Copy each line below that contains "obtain".
[THE DATA]
(* For all integers $t\ge 2$, $\ell\ge2$ and $1\le r\le \ell$ satisfying $\ell<r(r+1)$, the braid graph $B_t=B(\ell,r,t)$ satisfies $m_{B_t}=d_{B_t}$.
   Context: For a graph $G$ with $v_G>1$ vertices and $e_G$ edges, its density is $d_G=\frac{e_G}{v_G-1}$ and its maximum density is $m_G=\max\{d_H: H\subseteq G,\ v_H>1\}$. Two sequences of vertices $(v_1,\dots,v_r)$ and $(u_1,\dots,u_r)$ form an $r$-bridge if for each $i=1,\dots,r$ the vertex $v_i$ is adjacent to all of $u_1,\dots,u_i$. For $t\ge1$, $\ell\ge2$, $1\le r\le\ell$, the braid graph $B(\ell,r,t)$ consists of $t$ vertex-disjoint $\ell$-cliques $K^{(1)}_\ell,\dots,K^{(t)}_\ell$, each with its vertices linearly ordered, where for each $i=1,\dots,t-1$ the last $r$ vertices of $K^{(i)}_\ell$ (in order, as $(v_1,\dots,v_r)$) and the first $r$ vertices of $K^{(i+1)}_\ell$ (in order, as $(u_1,\dots,u_r)$) form an $r$-bridge, and there are no other edges. Thus $d_{B_t}=\frac{t\binom{\ell}{2}+(t-1)\binom{r+1}{2}}{t\ell-1}$. *)

theory Defs
  imports Complex_Main
begin

text \<open>Simple graphs are given by a vertex set V and an edge set E of 2-element subsets of V.\<close>

definition density :: "'a set \<Rightarrow> 'a set set \<Rightarrow> real" where
  "density V E = real (card E) / (real (card V) - 1)"

definition max_density :: "'a set \<Rightarrow> 'a set set \<Rightarrow> real" where
  "max_density V E = Max {density V' E' | V' E'.
      V' \<subseteq> V \<and> E' \<subseteq> E \<and> (\<forall>e\<in>E'. e \<subseteq> V') \<and> card V' > 1}"

text \<open>Braid graph B(l,r,t): vertex (i,j) is the j-th vertex (0-indexed) of the i-th clique (0-indexed).
  The r-bridge between clique i and i+1: v_k = (i, l-r+k-1), u_k = (i+1, k-1) for k = 1..r,
  with v_k adjacent to u_1..u_k; i.e. (i, l-r+a) ~ (i+1, b) iff b \<le> a < r.\<close>

definition braid_V :: "nat \<Rightarrow> nat \<Rightarrow> (nat \<times> nat) set" where
  "braid_V l t = {0..<t} \<times> {0..<l}"

definition braid_E :: "nat \<Rightarrow> nat \<Rightarrow> nat \<Rightarrow> (nat \<times> nat) set set" where
  "braid_E l r t =
     {{(i, j), (i, j')} | i j j'. i < t \<and> j < l \<and> j' < l \<and> j \<noteq> j'}
   \<union> {{(i, l - r + a), (i + 1, b)} | i a b. i + 1 < t \<and> b \<le> a \<and> a < r}"

end

theory Submission
  imports Defs
begin

text \<open>Let a vertex set S of B(l, r, t) with n vertices meet the i-th clique in x_i vertices and span
  b_i edges of the i-th bridge. Then S spans \<open>\<Sum> C(x_i, 2) + \<Sum> b_i\<close> edges, where
  \<open>b_i \<le> x_i x_(i+1)\<close>, and a bridge missing k of its r vertices on one side loses at least
  \<open>1 + \<dots> + k = C(k + 1, 2)\<close> of its \<open>C(r + 1, 2)\<close> edges. Write the density of B_t as
  \<open>d = l/2 + \<epsilon>\<close>. If every x_i is at most 1, S spans at most \<open>n - 1 \<le> d (n - 1)\<close> edges.
  Otherwise \<open>d (n - 1)\<close> minus the number of edges equals the total bridge deficit
  \<open>\<Sum> (C(r + 1, 2) - b_i)\<close> minus the clique excesses \<open>(l - x_i)(\<epsilon> - (x_i - 1)/2)\<close>.
  Leaving out a largest clique, charge every other clique to an adjacent bridge: as \<open>l \<le> r(r + 1)\<close>,
  its excess stays below the deficit of that bridge by a surplus proportional to \<open>l - x_i\<close>, and
  these surpluses cover the excess of the largest clique.\<close>

lemma real_choose_two: "real (n choose 2) = real n * (real n - 1) / 2"
  by (induction n) (auto simp: numeral_2_eq_2 field_simps)

lemma choose_two_mono: "m \<le> n \<Longrightarrow> m choose 2 \<le> n choose 2"
  by (simp add: choose_two div_le_mono mult_le_mono)

lemma sum_lessThan_Suc_eq_choose_two: "(\<Sum>a<r. Suc a) = Suc r choose 2"
  by (induction r) (simp_all add: numeral_2_eq_2)

lemma Suc_card_choose_two_le_sum_Suc:
  fixes A :: "nat set"
  assumes "finite A"
  shows "Suc (card A) choose 2 \<le> (\<Sum>a\<in>A. Suc a)"
  using assms
proof (induction A rule: finite_linorder_max_induct)
  case empty
  then show ?case by simp
next
  case (insert b A)
  have "b \<notin> A" and "card A \<le> b"
    using card_mono[of "{..<b}" A] insert.hyps by auto
  then show ?case
    using insert by (simp add: numeral_2_eq_2)
qed

lemma sum_Suc_add_choose_two_le:
  fixes P :: "nat set"
  assumes "P \<subseteq> {..<r}"
  shows "(\<Sum>a\<in>P. Suc a) + (Suc (r - card P) choose 2) \<le> Suc r choose 2"
proof -
  have "finite P"
    using assms finite_subset by blast
  then have "card ({..<r} - P) = r - card P"
    using assms by (simp add: card_Diff_subset)
  then have "Suc (r - card P) choose 2 \<le> (\<Sum>a\<in>{..<r} - P. Suc a)"
    using Suc_card_choose_two_le_sum_Suc[of "{..<r} - P"] by simp
  moreover have "(\<Sum>a<r. Suc a) = (\<Sum>a\<in>{..<r} - P. Suc a) + (\<Sum>a\<in>P. Suc a)"
    using assms by (simp add: sum.subset_diff)
  ultimately show ?thesis
    by (simp add: sum_lessThan_Suc_eq_choose_two)
qed

lemma sum_remove_eq_sum_skip:
  assumes "j < t"
  shows "(\<Sum>i\<in>{..<t} - {j}. f i) = (\<Sum>i<t - 1. f (if i < j then i else Suc i))"
  using assms
  by (intro sum.reindex_bij_witness[of _ "\<lambda>i. if i < j then i else Suc i" "\<lambda>i. if i < j then i else i - 1"])
    auto

lemma clique_excess_le_bridge_deficit:
  fixes l r x :: nat
  assumes "x \<le> l" and "r \<le> l"
  shows "(real l - real x) * (real r * (real r + 1) - real l * real x)
    \<le> 2 * real l * real (Suc (r - x) choose 2)"
proof (cases "x \<le> r")
  case True
  have "0 \<le> (real l - real r) * (real l - real r - 1)"
    using assms(2) by (cases "l = r") (auto intro!: mult_nonneg_nonneg)
  moreover have "2 * real l * real (Suc (r - x) choose 2)
      - (real l - real x) * (real r * (real r + 1) - real l * real x)
      = real x * ((real l - real r) * (real l - real r - 1))"
    using True by (simp add: real_choose_two field_simps)
  ultimately show ?thesis
    by (metis diff_ge_0_iff_ge mult_nonneg_nonneg of_nat_0_le_iff)
next
  case False
  have "real r * (real r + 1) \<le> real l * real x"
  proof -
    have "r * (r + 1) \<le> l * x"
      using False assms(2) by (intro mult_mono) auto
    then show ?thesis
      by (metis of_nat_1 of_nat_add of_nat_le_iff of_nat_mult)
  qed
  then show ?thesis
    using False assms(1) by (simp add: mult_nonneg_nonpos numeral_2_eq_2)
qed

lemma sum_adjacent_products_less_sum_01:
  fixes x b :: "nat \<Rightarrow> nat"
  assumes "\<And>i. i < t \<Longrightarrow> x i \<le> 1" and "1 \<le> (\<Sum>i<t. x i)"
    and "\<And>i. Suc i < t \<Longrightarrow> b i \<le> x i * x (Suc i)"
  shows "(\<Sum>i<t - 1. b i) + 1 \<le> (\<Sum>i<t. x i)"
proof -
  obtain k where k: "k < t" "x k = 1"
  proof -
    obtain k where "k < t" "x k \<noteq> 0"
      using assms(2) by (metis lessThan_iff not_one_le_zero sum.neutral)
    then show ?thesis using assms(1) that by (metis le_neq_implies_less less_one)
  qed
  have "b i \<le> x (if i < k then i else Suc i)" if "i < t - 1" for i
  proof -
    have "x i \<le> 1" "x (Suc i) \<le> 1" "b i \<le> x i * x (Suc i)"
      using that assms(1,3) by auto
    then show ?thesis
      by (cases "x i"; cases "x (Suc i)") auto
  qed
  then have "(\<Sum>i<t - 1. b i) \<le> (\<Sum>i<t - 1. x (if i < k then i else Suc i))"
    by (intro sum_mono) simp
  also have "\<dots> = (\<Sum>i\<in>{..<t} - {k}. x i)"
    using k(1) by (rule sum_remove_eq_sum_skip[symmetric])
  also have "\<dots> + 1 = (\<Sum>i<t. x i)"
    using k by (simp add: sum.remove[of "{..<t}" k])
  finally show ?thesis by simp
qed

text \<open>Clique j is a largest one; every other clique i is charged to the bridge
  \<open>if i < j then i else i - 1\<close> and leaves a surplus \<open>(l - x_i) \<kappa>\<close>.\<close>

lemma sum_clique_excess_le:
  fixes x b :: "nat \<Rightarrow> nat" and t j l r :: nat and \<epsilon> :: real
  defines "B \<equiv> real (Suc r choose 2)"
  defines "\<kappa> \<equiv> (B - real l / 2) / real l - \<epsilon>"
  assumes "j < t" and "\<And>i. i < t \<Longrightarrow> x i \<le> x j" and "2 \<le> x j" and "x j \<le> l" and "r \<le> l"
    and "\<And>i. Suc i < t \<Longrightarrow> b i + (Suc (r - x i) choose 2) \<le> Suc r choose 2"
    and "\<And>i. Suc i < t \<Longrightarrow> b i + (Suc (r - x (Suc i)) choose 2) \<le> Suc r choose 2"
    and "0 \<le> \<kappa>" and "\<epsilon> - 1 / 2 \<le> (real t - 1) * \<kappa>"
  shows "(\<Sum>i<t. (real l - real (x i)) * (\<epsilon> - (real (x i) - 1) / 2)) \<le> (\<Sum>i<t - 1. B - real (b i))"
proof -
  define D where "D i = (real l - real (x i)) * (\<epsilon> - (real (x i) - 1) / 2)" for i
  define g where "g i = real (Suc (r - x i) choose 2)" for i
  have "0 < l"
    using assms(5,6) by linarith
  have D_le: "D i \<le> g i - (real l - real (x i)) * \<kappa>" if "i < t" for i
  proof -
    have "(real l - real (x i)) * (real r * (real r + 1) - real l * real (x i)) \<le> 2 * real l * g i"
      unfolding g_def using that assms(4,6,7) by (intro clique_excess_le_bridge_deficit) (auto intro: order_trans)
    moreover have "D i + (real l - real (x i)) * \<kappa>
        = (real l - real (x i)) * (real r * (real r + 1) - real l * real (x i)) / (2 * real l)"
      unfolding D_def \<kappa>_def B_def using \<open>0 < l\<close> by (simp add: real_choose_two field_simps)
    ultimately have "D i + (real l - real (x i)) * \<kappa> \<le> g i"
      using \<open>0 < l\<close> by (simp add: pos_divide_le_eq mult.commute)
    then show ?thesis
      by linarith
  qed
  have D_top: "D j \<le> (real l - real (x j)) * (\<epsilon> - 1 / 2)"
    unfolding D_def using assms(5,6) by (intro mult_left_mono) auto
  have "(\<Sum>i\<in>{..<t} - {j}. (real l - real (x j)) * \<kappa>) \<le> (\<Sum>i\<in>{..<t} - {j}. (real l - real (x i)) * \<kappa>)"
    using assms(4,10) by (intro sum_mono mult_right_mono) auto
  then have "(\<Sum>i\<in>{..<t} - {j}. D i) \<le> (\<Sum>i\<in>{..<t} - {j}. g i) - (real t - 1) * (real l - real (x j)) * \<kappa>"
    using sum_mono[of "{..<t} - {j}" D "\<lambda>i. g i - (real l - real (x i)) * \<kappa>"] D_le assms(3)
    by (simp add: sum_subtractf of_nat_diff)
  moreover have "(\<Sum>i\<in>{..<t} - {j}. g i) \<le> (\<Sum>i<t - 1. B - real (b i))"
  proof -
    have "g (if i < j then i else Suc i) \<le> B - real (b i)" if "i < t - 1" for i
    proof -
      have "b i + (Suc (r - x (if i < j then i else Suc i)) choose 2) \<le> Suc r choose 2"
        using that assms(8,9)[of i] by simp
      then show ?thesis
        unfolding g_def B_def by linarith
    qed
    then show ?thesis
      unfolding sum_remove_eq_sum_skip[OF assms(3)] by (intro sum_mono) simp
  qed
  moreover have "(real l - real (x j)) * (\<epsilon> - 1 / 2) \<le> (real t - 1) * (real l - real (x j)) * \<kappa>"
    using mult_left_mono[OF assms(11), of "real l - real (x j)"] assms(6) by (simp add: ac_simps)
  moreover have "(\<Sum>i<t. D i) = D j + (\<Sum>i\<in>{..<t} - {j}. D i)"
    using assms(3) by (simp add: sum.remove)
  ultimately have "(\<Sum>i<t. D i) \<le> (\<Sum>i<t - 1. B - real (b i))"
    using D_top by linarith
  then show ?thesis
    unfolding D_def .
qed

definition braid_density :: "nat \<Rightarrow> nat \<Rightarrow> nat \<Rightarrow> real" where
  "braid_density l r t = real (t * (l choose 2) + (t - 1) * (Suc r choose 2)) / (real t * real l - 1)"

lemma braid_density_excess:
  fixes t l r :: nat
  defines "B \<equiv> real (Suc r choose 2)"
  defines "\<epsilon> \<equiv> braid_density l r t - real l / 2"
  assumes "1 \<le> t" and "2 \<le> l" and "r \<le> l" and "l \<le> r * (r + 1)"
  shows "\<epsilon> * (real t * real l - 1) = (real t - 1) * (B - real l / 2)"
    and "0 \<le> \<epsilon>"
    and "0 \<le> (B - real l / 2) / real l - \<epsilon>"
    and "\<epsilon> - 1 / 2 \<le> (real t - 1) * ((B - real l / 2) / real l - \<epsilon>)"
proof -
  have TL: "0 < real t * real l - 1"
  proof -
    have "1 * 2 \<le> real t * real l"
      using assms(3,4) by (intro mult_mono) auto
    then show ?thesis by simp
  qed
  show \<epsilon>_eq: "\<epsilon> * (real t * real l - 1) = (real t - 1) * (B - real l / 2)"
    using TL assms(3) unfolding \<epsilon>_def braid_density_def B_def
    by (simp add: real_choose_two of_nat_diff field_simps)
  have "real l \<le> real r * (real r + 1)"
    using assms(6) by (metis of_nat_1 of_nat_add of_nat_le_iff of_nat_mult)
  then have B_ge: "real l / 2 \<le> B"
    unfolding B_def by (simp add: real_choose_two algebra_simps)
  have \<epsilon>_def': "\<epsilon> = (real t - 1) * (B - real l / 2) / (real t * real l - 1)"
    using \<epsilon>_eq TL by (simp add: field_simps)
  then show "0 \<le> \<epsilon>"
    using TL B_ge assms(3) by simp
  define \<kappa> where "\<kappa> = (B - real l / 2) / real l - \<epsilon>"
  have "\<kappa> = (B - real l / 2) * (real l - 1) / (real l * (real t * real l - 1))"
    unfolding \<kappa>_def \<epsilon>_def' using TL assms(4) by (simp add: field_simps)
  then show "0 \<le> (B - real l / 2) / real l - \<epsilon>"
    unfolding \<kappa>_def[symmetric] using TL B_ge assms(4) by simp
  have "real r * (real r + 1) \<le> real l * (real l + 1)"
    using assms(5) by (intro mult_mono) auto
  then have "B \<le> real l * real l / 2 + real l / 2"
    unfolding B_def by (simp add: real_choose_two field_simps)
  then have "(B - real l / 2) / real l \<le> real l / 2"
    using assms(4) by (simp add: pos_divide_le_eq algebra_simps)
  then have "\<epsilon> \<le> real l / 2"
    using \<open>0 \<le> (B - real l / 2) / real l - \<epsilon>\<close> by linarith
  then have "\<epsilon> / real l \<le> 1 / 2"
    using assms(4) by (simp add: pos_divide_le_eq)
  moreover have "(real t - 1) * \<kappa> = \<epsilon> - \<epsilon> / real l"
  proof -
    have "(real t - 1) * \<kappa> = (real t - 1) * (B - real l / 2) / real l - (real t - 1) * \<epsilon>"
      unfolding \<kappa>_def by (simp add: algebra_simps)
    also have "\<dots> = \<epsilon> * (real t * real l - 1) / real l - (real t - 1) * \<epsilon>"
      using \<epsilon>_eq by simp
    also have "\<dots> = \<epsilon> - \<epsilon> / real l"
      using assms(4) by (simp add: field_simps)
    finally show ?thesis .
  qed
  ultimately show "\<epsilon> - 1 / 2 \<le> (real t - 1) * ((B - real l / 2) / real l - \<epsilon>)"
    unfolding \<kappa>_def by linarith
qed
[/THE DATA]
**ANSWER SPACE**.
  obtain k where k: "k < t" "x k = 1"
    obtain k where "k < t" "x k \<noteq> 0"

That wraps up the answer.